【SUBARU】次世代車向け車載マイコンをインフィニオンと共同設計 頭脳が変わる

スバルは2026年3月9日、ドイツの自動車向け半導体の開発・製造企業であるインフィニオン・テクノロジーズと、次世代SDV車両向けの制御統合ECUに搭載するマイクロコントローラユニットの設計に関し協業すると発表した。

インフィニオンは車載向けマイクロコントローラーチップの市場を牽引しており、RISC-V(リスクファイブ)を自動車業界のオープンスタンダードにすることを目指し、自動車メーカーの将来的なマイクロコントローラーの要件を満たす技術を開発している。

2025年にインフィニオンは世界のMCU(マイクロコントローラーユニット)チップの市場で首位に立った。さらにインフィニオンは、2025年8月にマーベル社から車載イーサネット事業を買収し、マイクロコントローラー周辺領域の製品ポートフォリオも強化している。

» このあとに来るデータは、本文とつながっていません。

lemma full_rank_factorization:
  fixes A :: "real mat"
  assumes "A \<in> carrier_mat m n"
  shows "\<exists>r B C. B \<in> carrier_mat m r \<and> C \<in> carrier_mat r n \<and> A = B * C \<and>
    full_column_rank B \<and> full_column_rank (transpose_mat C)"
  using assms
proof (induction n arbitrary: A)
  case 0
  have "A = 0\<^sub>m m 0 * 0\<^sub>m 0 0" using 0 by (intro eq_matI) auto
  thus ?case by (intro exI[of _ 0] exI[of _ "0\<^sub>m m 0"] exI[of _ "0\<^sub>m 0 0"])
      (auto simp: full_column_rank_def)
next
  case (Suc n)
  define A' where "A' = mat m n (\<lambda>ij. A $$ ij)"
  define a where "a = col A n"
  have A: "A = append_col A' a" unfolding A'_def a_def by (rule append_col_split[OF Suc.prems])
  have a: "a \<in> carrier_vec m" using Suc.prems unfolding a_def by auto
  obtain r B C where B: "B \<in> carrier_mat m r" and C: "C \<in> carrier_mat r n" and A': "A' = B * C"
    and full_B: "full_column_rank B" and full_C: "full_column_rank (transpose_mat C)"
    using Suc.IH[of A'] unfolding A'_def by auto
  (* The new column is absorbed into C if it lies in the range of B, and appended to B otherwise. *)
  show ?case
  proof (cases "\<exists>y \<in> carrier_vec r. a = B *\<^sub>v y")
    case True
    then obtain y where y: "y \<in> carrier_vec r" and "a = B *\<^sub>v y" by blast
    hence "A = B * append_col C y" unfolding A A' using mult_append_col[OF B C y] by simp
    moreover have "append_col C y \<in> carrier_mat r (Suc n)" using C by simp
    ultimately show ?thesis using B full_B full_row_rank_append_col[OF C full_C] by blast
  next
    case False
    let ?D = "four_block_mat C (0\<^sub>m r 1) (0\<^sub>m 1 n) (1\<^sub>m 1)"
    have "A = append_col B a * ?D" unfolding A A' by (rule append_col_mult_block_diag[OF B C a, symmetric])
    moreover have "?D \<in> carrier_mat (Suc r) (Suc n)" using C by auto
    ultimately show ?thesis
      using B full_column_rank_append_col[OF B a full_B] False full_row_rank_block_diag[OF C full_C]
      by (intro exI[of _ "Suc r"] exI[of _ "append_col B a"] exI[of _ ?D]) auto
  qed
qed
text \<open>The witness is the convex combination \<open>x = \<Sum> x\<^sub>i (-x\<^sub>j) (e\<^sub>i - e\<^sub>j)\<close> over \<open>x\<^sub>i > 0 > x\<^sub>j\<close>.\<close>

lemma mem_root_polytope_A_if_pos_part_eq_1:
  assumes "x \<in> zero_sum_space" "(\<Sum>i | 0 < x$i. x$i) = 1"
  shows "(x :: real^'n) \<in> root_polytope_A"
proof -
  define P N where "P = {i. 0 < x$i}" and "N = {i. x$i < 0}"
  have N: "(\<Sum>j\<in>N. - x$j) = 1"
    using zero_sum_space_neg_part_eq_pos_part[OF assms(1)] assms(2) by (simp add: N_def)
  define v where "v = (\<Sum>j\<in>N. (- x$j) *\<^sub>R axis j (1::real))"
  have v: "v $ k = (if k \<in> N then - x$k else 0)" for k
    unfolding v_def by (rule sum_scaleR_axis_component)
  have "axis i 1 - v \<in> root_polytope_A" if "i \<in> P" for i
  proof -
    have "(\<Sum>j\<in>N. (- x$j) *\<^sub>R (axis i 1 - axis j 1)) = (\<Sum>j\<in>N. - x$j) *\<^sub>R axis i 1 - v"
      by (simp only: v_def scaleR_right_diff_distrib sum_subtractf scaleR_sum_left)
    then have "axis i 1 - v = (\<Sum>j\<in>N. (- x$j) *\<^sub>R (axis i 1 - axis j 1))"
      by (simp only: N scaleR_one)
    also have "\<dots> \<in> root_polytope_A"
      using that by (intro convex_sum[OF _ convex_root_polytope_A N] root_in_root_polytope_A) (auto simp: P_def N_def)
    finally show ?thesis .
  qed
  then have "(\<Sum>i\<in>P. x$i *\<^sub>R (axis i 1 - v)) \<in> root_polytope_A"
    using assms(2) by (intro convex_sum[OF _ convex_root_polytope_A]) (auto simp: P_def)
  also have "(\<Sum>i\<in>P. x$i *\<^sub>R (axis i 1 - v)) = (\<Sum>i\<in>P. x$i *\<^sub>R axis i 1) - v"
    using assms(2) by (simp add: scaleR_right_diff_distrib sum_subtractf scaleR_sum_left[symmetric] P_def)
  also have "\<dots> = x"
    by (auto simp: vec_eq_iff v sum_scaleR_axis_component P_def N_def simp del: sum_component)
  finally show ?thesis .
qed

このような背景によりインフィニオンはソフトウェア定義車両 (SDV) におけるセントラルコンピューティング・アーキテクチャー向けに、業界で最も包括的なシステム・ソリューションを提供できる体制を構築している。

スバルは、EVと内燃エンジン搭載車で共用するE/Eアーキテクチャー(電子プラットフォーム)の構築と先進運転支援システムのさらなる高度化を目指し、車両制御情報の演算処理における超低遅延化と低消費電力化の両立を進めている。

スバルは、この実現に向けインフィニオンの車載マイクロコンピューターチップ「AURIX TC4x」の開発初期段階から設計に参画し、仕様の最適化に取り組んできた。TC4xは、「次世代アイサイト」と「AWD制御を含めた車両運動制御」を連携・連動する制御統合ECUに搭載するチップだ。これにより、先進運転支援システムおよび車両運動制御をさらに進化させ、長年追求してきた走る・曲がる・止まるというクルマの基本性能を引き上げることを目指している。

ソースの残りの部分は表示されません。